Apesar de discurso ideológico feito do parlatório, pacificação é vital para a pesada agenda de reformas
Todo presidente sobe a rampa do Planalto com alguma simbologia, independentemente das paixões políticas. Se Lula, em 1º de janeiro de 2003, foi o primeiro operário a colocar a faixa presidencial, Jair Bolsonaro, nos 30 anos de redemocratização, institucionalizada pela Constituição de 1988, carrega a marca do ineditismo de ser um representante assumido da direita. Cumpre-se o saudável princípio democrático da alternância no poder, depois de longo ciclo de governos à esquerda, de tucanos e petistas, sustentados em alianças com forças conservadoras. A chegada ao poder, pelo voto, de um representante da esquerda e de um deputado ex-capitão do Exército, da direita — até há pouco, assumido simpatizante da ditadura —, é prova da solidez da democracia. Que precisa ser preservada seja quem for o ocupante do Planalto.
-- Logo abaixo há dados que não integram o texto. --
(* Let $G$ be a connected graph that is not complete and let $v\in V(G)$ be a universal vertex of $G$. Let $G_v$ be the graph obtained from $G$ by adding a new vertex $v'$ adjacent to $v$ and to every vertex of $N_G(v)$ (i.e. a true twin of $v$). Then $\chi(\mathcal{R}(G_v))=\chi(\mathcal{R}(G))$.
   Context: For a connected graph $G$, a search tree on $G$ is a rooted tree with vertex set $V(G)$ defined recursively: its root is some vertex $r\in V(G)$, and the children of $r$ are the roots of search trees on the connected components of $G-r$. For a rooted tree $T$ and $w\in V(T)$, $T|w$ denotes the subtree rooted at $w$. Let $T$ be a search tree on $G$, let $v$ be a child of $u$ in $T$, and let $p$ be the parent of $u$ (if it exists). The $uv$-rotation transforms $T$ into the search tree $T'$ in which: $u$ is a child of $v$ and $v$ is a child of $p$ (or $v$ is the root if $u$ was the root); every subtree of $u$ in $T$ other than $T|v$ is a subtree of $u$ in $T'$; and every subtree $S$ of $v$ in $T$ is a subtree of $u$ in $T'$ if $u$ is adjacent in $G$ to some vertex of $S$, and a subtree of $v$ in $T'$ otherwise. The rotation graph $\mathcal{R}(G)$ is the graph whose vertices are the search trees on $G$, two being adjacent iff they differ by one rotation. $\chi$ denotes chromatic number. A vertex is universal if it is adjacent to all other vertices. *)

theory Defs
  imports Main
begin

definition simple_graph :: "'a set \<Rightarrow> ('a \<Rightarrow> 'a \<Rightarrow> bool) \<Rightarrow> bool" where
  "simple_graph V E \<longleftrightarrow> finite V \<and> (\<forall>x y. E x y \<longrightarrow> x \<in> V \<and> y \<in> V)
     \<and> (\<forall>x y. E x y \<longrightarrow> E y x) \<and> (\<forall>x. \<not> E x x)"

definition reach_in :: "('a \<Rightarrow> 'a \<Rightarrow> bool) \<Rightarrow> 'a set \<Rightarrow> 'a \<Rightarrow> 'a \<Rightarrow> bool" where
  "reach_in E S = (\<lambda>a b. E a b \<and> a \<in> S \<and> b \<in> S)\<^sup>*\<^sup>*"

definition connected_on :: "('a \<Rightarrow> 'a \<Rightarrow> bool) \<Rightarrow> 'a set \<Rightarrow> bool" where
  "connected_on E S \<longleftrightarrow> S \<noteq> {} \<and> (\<forall>x\<in>S. \<forall>y\<in>S. reach_in E S x y)"

definition components :: "('a \<Rightarrow> 'a \<Rightarrow> bool) \<Rightarrow> 'a set \<Rightarrow> 'a set set" where
  "components E S = (\<lambda>x. {y \<in> S. reach_in E S x y}) ` S"

text \<open>A rooted tree on S is encoded by its parent function: the parent of x is
  Some p, the root and all vertices outside S are mapped to None.
  search_tree E S par: par encodes a search tree on the (connected) graph G[S].\<close>
inductive search_tree :: "('a \<Rightarrow> 'a \<Rightarrow> bool) \<Rightarrow> 'a set \<Rightarrow> ('a \<Rightarrow> 'a option) \<Rightarrow> bool"
  for E where
  "\<lbrakk> connected_on E S; r \<in> S; par r = None; \<forall>x. x \<notin> S \<longrightarrow> par x = None;
     \<forall>C \<in> components E (S - {r}).
        \<exists>c \<in> C. par c = Some r \<and>
          search_tree E C (\<lambda>x. if x \<in> C \<and> x \<noteq> c then par x else None) \<rbrakk>
   \<Longrightarrow> search_tree E S par"

definition subtree :: "('a \<Rightarrow> 'a option) \<Rightarrow> 'a \<Rightarrow> 'a set" where
  "subtree par w = {x. (\<lambda>a b. par a = Some b)\<^sup>*\<^sup>* x w}"

definition rotate :: "('a \<Rightarrow> 'a \<Rightarrow> bool) \<Rightarrow> ('a \<Rightarrow> 'a option) \<Rightarrow> 'a \<Rightarrow> 'a \<Rightarrow> ('a \<Rightarrow> 'a option)" where
  "rotate E par u v = (\<lambda>x.
     if x = v then par u
     else if x = u then Some v
     else if par x = Some v then
       (if \<exists>y \<in> subtree par x. E u y then Some u else Some v)
     else par x)"

definition rot_vertices :: "'a set \<Rightarrow> ('a \<Rightarrow> 'a \<Rightarrow> bool) \<Rightarrow> ('a \<Rightarrow> 'a option) set" where
  "rot_vertices V E = {par. search_tree E V par}"

definition rot_step :: "('a \<Rightarrow> 'a \<Rightarrow> bool) \<Rightarrow> ('a \<Rightarrow> 'a option) \<Rightarrow> ('a \<Rightarrow> 'a option) \<Rightarrow> bool" where
  "rot_step E T T' \<longleftrightarrow> (\<exists>u v. T v = Some u \<and> T' = rotate E T u v)"

definition rot_adj :: "('a \<Rightarrow> 'a \<Rightarrow> bool) \<Rightarrow> ('a \<Rightarrow> 'a option) \<Rightarrow> ('a \<Rightarrow> 'a option) \<Rightarrow> bool" where
  "rot_adj E T T' \<longleftrightarrow> rot_step E T T' \<or> rot_step E T' T"

definition chromatic_number :: "'b set \<Rightarrow> ('b \<Rightarrow> 'b \<Rightarrow> bool) \<Rightarrow> nat" where
  "chromatic_number W A = (LEAST k. \<exists>c :: 'b \<Rightarrow> nat.
      (\<forall>x\<in>W. c x < k) \<and> (\<forall>x\<in>W. \<forall>y\<in>W. A x y \<longrightarrow> c x \<noteq> c y))"

definition add_twin :: "('a \<Rightarrow> 'a \<Rightarrow> bool) \<Rightarrow> 'a \<Rightarrow> 'a \<Rightarrow> ('a \<Rightarrow> 'a \<Rightarrow> bool)" where
  "add_twin E v v' = (\<lambda>x y. E x y
      \<or> (x = v' \<and> (y = v \<or> E v y))
      \<or> (y = v' \<and> (x = v \<or> E v x)))"

end

theory Submission
  imports Defs "HOL-Combinatorics.Transposition"
begin

text \<open>
  A search tree on \<open>G\<^sub>v\<close> in which \<open>v'\<close> lies above \<open>v\<close> yields a search tree on \<open>G\<close> by
  deleting \<open>v'\<close> and attaching its unique child to its parent; exchanging the twins, an automorphism
  of \<open>G\<^sub>v\<close>, reduces all other search trees to this case. A rotation in \<open>R(G\<^sub>v)\<close> either
  induces a rotation of the merged trees and keeps the depth of the upper twin, or leaves the merged
  tree unchanged and changes that depth by one (or exchanges the twins). Hence the merged tree
  together with the parity of that depth is a homomorphism from \<open>R(G\<^sub>v)\<close> to the prism over
  \<open>R(G)\<close>, which is as colourable as \<open>R(G)\<close> once \<open>R(G)\<close> has an edge. Conversely, adding \<open>v'\<close>
  as a new root embeds \<open>R(G)\<close> into \<open>R(G\<^sub>v)\<close>.
\<close>

section \<open>Ancestry in parent functions\<close>

definition below :: "('a \<Rightarrow> 'a option) \<Rightarrow> 'a \<Rightarrow> 'a \<Rightarrow> bool" where
  "below T = (\<lambda>a b. T a = Some b)\<^sup>*\<^sup>*"

lemma subtree_below: "subtree T w = {x. below T x w}"
  by (simp add: subtree_def below_def)

lemma below_refl [simp]: "below T x x"
  by (simp add: below_def)

lemma parent_below: "T x = Some y \<Longrightarrow> below T y z \<Longrightarrow> below T x z"
  unfolding below_def by (simp add: converse_rtranclp_into_rtranclp)

lemma below_parent: "below T x y \<Longrightarrow> T y = Some z \<Longrightarrow> below T x z"
  unfolding below_def by (simp add: rtranclp.rtrancl_into_rtrancl)

lemma below_trans: "below T x y \<Longrightarrow> below T y z \<Longrightarrow> below T x z"
  unfolding below_def by simp

lemma below_cases: "below T x y \<Longrightarrow> x = y \<or> (\<exists>p. T x = Some p \<and> below T p y)"
  unfolding below_def by (induction rule: converse_rtranclp_induct) auto

lemma below_cases_child: "below T x y \<Longrightarrow> x = y \<or> (\<exists>c. T c = Some y \<and> below T x c)"
  unfolding below_def by (induction rule: rtranclp_induct) auto

lemma below_converse_induct [consumes 1, case_names base step]:
  assumes "below T x y" "P y" "\<And>a b. T a = Some b \<Longrightarrow> below T b y \<Longrightarrow> P b \<Longrightarrow> P a"
  shows "P x"
  using assms unfolding below_def by (induction rule: converse_rtranclp_induct) auto

lemma below_induct [consumes 1, case_names base step]:
  assumes "below T x y" "P x" "\<And>a b. below T x a \<Longrightarrow> T a = Some b \<Longrightarrow> P a \<Longrightarrow> P b"
  shows "P y"
  using assms unfolding below_def by (induction rule: rtranclp_induct) auto
lemma Sdown_subset_Rset: "Sdown u p d \<subseteq> Rset u p"
  by (induction d) (auto simp: Sdown_Suc_eq dest: restrict_min_visit_subset[THEN subsetD])

lemma Sdown_nonempty: "p < length u \<Longrightarrow> d < xattr u p \<Longrightarrow> Sdown u p d \<noteq> {}"
proof (induction d)
  case (Suc d)
  have "evalX u (take (xattr u p - Suc d) r) \<noteq> None" if "r \<in> Sdown u p d" for r
  proof -
    have "evalX u r = Some p" using that Sdown_subset_Rset by (auto simp: Rset_def)
    then show ?thesis using evalX_take_defined[of u r "xattr u p - Suc d"] Suc.prems by simp
  qed
  with Suc show ?case by (simp add: Sdown_Suc_eq restrict_min_visit_nonempty)
qed (simp add: Rset_nonempty)

lemma Sdown_evalX_take_eq:
  "r \<in> Sdown u p d \<Longrightarrow> r' \<in> Sdown u p d \<Longrightarrow> xattr u p - d \<le> k
    \<Longrightarrow> evalX u (take k r) = evalX u (take k r')"
proof (induction d arbitrary: k)
  case 0
  then show ?case by (simp add: Rset_def)
next
  case (Suc d)
  show ?case
  proof (cases "k = xattr u p - Suc d")
    case True
    then show ?thesis
      using Suc.prems(1,2) restrict_min_visit_evalX_take_eq by (metis Sdown_Suc_eq)
  next
    case False
    then have "xattr u p - d \<le> k" using Suc.prems(3) by linarith
    moreover have "r \<in> Sdown u p d" "r' \<in> Sdown u p d"
      using Suc.prems restrict_min_visit_subset by (auto simp: Sdown_Suc_eq)
    ultimately show ?thesis using Suc.IH by blast
  qed
qed
context
  fixes E :: "'a set set" and a b :: 'a and Q :: "'a list"
  assumes path: "is_path E Q a b" and ends_distinct: "a \<noteq> b"
begin

lemma path_length_ge_2: "length Q \<ge> 2"
proof -
  obtain x xs where Q: "Q = x # xs" "hd Q = a" "last Q = b"
    using path unfolding is_path_def by (cases Q) auto
  then show ?thesis using ends_distinct by (cases xs) auto
qed

lemma path_nth_eq_start_iff: "j < length Q \<Longrightarrow> Q ! j = a \<longleftrightarrow> j = 0"
  using path nth_eq_iff_index_eq[of Q j 0] unfolding is_path_def by (auto simp: hd_conv_nth)

lemma path_nth_eq_end_iff: "j < length Q \<Longrightarrow> Q ! j = b \<longleftrightarrow> j = length Q - 1"
  using path nth_eq_iff_index_eq[of Q j "length Q - 1"] unfolding is_path_def
  by (auto simp: last_conv_nth)

lemma path_edge_in_edges: "j < length Q - 1 \<Longrightarrow> path_edge Q j \<in> E"
  using path by (auto simp: is_path_def path_edge_def)

lemma path_edge_subset: "j < length Q - 1 \<Longrightarrow> path_edge Q j \<subseteq> set Q"
  by (auto simp: path_edge_def)

lemma inj_on_path_edge: "inj_on (path_edge Q) {..<length Q - 1}"
  using path unfolding inj_on_def is_path_def
  by (auto simp: path_edge_def doubleton_eq_iff nth_eq_iff_index_eq)

lemma path_edges_disjoint:
  "j < length Q - 1 \<Longrightarrow> j' < length Q - 1 \<Longrightarrow> j \<noteq> j' \<Longrightarrow> Suc j \<noteq> j' \<Longrightarrow> j \<noteq> Suc j'
   \<Longrightarrow> path_edge Q j \<inter> path_edge Q j' = {}"
  using path by (auto simp: is_path_def path_edge_def nth_eq_iff_index_eq)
Na solenidade de assinatura do termo de posse, no Congresso, Bolsonaro fez um correto contraponto a uma campanha acirrada, radicalizada, em que sofreu um atentado à faca. Falou em pacto, prometeu trabalhar para “construir uma sociedade sem discriminação ou divisão”, referência que remete à atmosfera de ódio que acompanhou momentos da campanha e da qual ele foi um dos protagonistas. Ao discursar do parlatório, o presidente, de forma compreensível, usou um diapasão ideológico. Mas, para governar, precisará descer do palanque.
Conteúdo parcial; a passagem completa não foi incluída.